- **EXERCISE REQUIREMENTS**
Go over the data and keep only the lines that include "lemma".

- **DATA RECORDS**
::::::::

(* Oriented so that the entry equations can be used by simp without looping. *)
lemma mherm_iff: "mherm st n x \<longleftrightarrow> in_mat n n x \<and> (\<forall>i<n. \<forall>j<n. st (x j i) = x i j)"
  unfolding mherm_def by metis

lemma mherm_zero: "mherm st n 0"
  by (simp add: mherm_iff in_mat_def st.zero)

lemma mherm_amp: "st q = q \<Longrightarrow> mherm st n (amp n q)"
  by (simp add: mherm_iff in_mat_def amp_def st.zero)

lemma mherm_add: "mherm st n x \<Longrightarrow> mherm st n y \<Longrightarrow> mherm st n (x + y)"
  and mherm_diff: "mherm st n x \<Longrightarrow> mherm st n y \<Longrightarrow> mherm st n (x - y)"
  and mherm_mrs: "mherm st n x \<Longrightarrow> mherm st n (mrs sm t x)"
  unfolding mherm_iff in_mat_def mrs_def by (simp_all add: st.add st.diff st_scale)

lemma mherm_congr:
  assumes "mherm st n x"
  shows "mherm st m (congr sm n m \<alpha> x)"
proof -
  have "in_mat m m (congr sm n m \<alpha> x)"
    by (simp add: in_mat_def congr_def)
  moreover have "congr sm n m \<alpha> x i j = st (congr sm n m \<alpha> x j i)" if "i < m" "j < m" for i j
  proof -
    have "st (congr sm n m \<alpha> x j i) = (\<Sum>k<n. \<Sum>l<n. sm (\<alpha> k j * cnj (\<alpha> l i)) (st (x k l)))"
      using that by (simp add: congr_def st.sum st_scale)
    also have "\<dots> = (\<Sum>k<n. \<Sum>l<n. sm (cnj (\<alpha> l i) * \<alpha> k j) (x l k))"
      using assms unfolding mherm_iff by (intro sum.cong refl) (simp add: mult.commute)
    also have "\<dots> = congr sm n m \<alpha> x i j"
      using that by (subst sum.swap) (simp add: congr_def)
    finally show ?thesis ..
  qed
  ultimately show ?thesis
    unfolding mherm_def by blast
qed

::::::::

- **RESPONSE**
lemma mherm_iff: "mherm st n x \<longleftrightarrow> in_mat n n x \<and> (\<forall>i<n. \<forall>j<n. st (x j i) = x i j)"
lemma mherm_zero: "mherm st n 0"
lemma mherm_amp: "st q = q \<Longrightarrow> mherm st n (amp n q)"
lemma mherm_add: "mherm st n x \<Longrightarrow> mherm st n y \<Longrightarrow> mherm st n (x + y)"
lemma mherm_congr:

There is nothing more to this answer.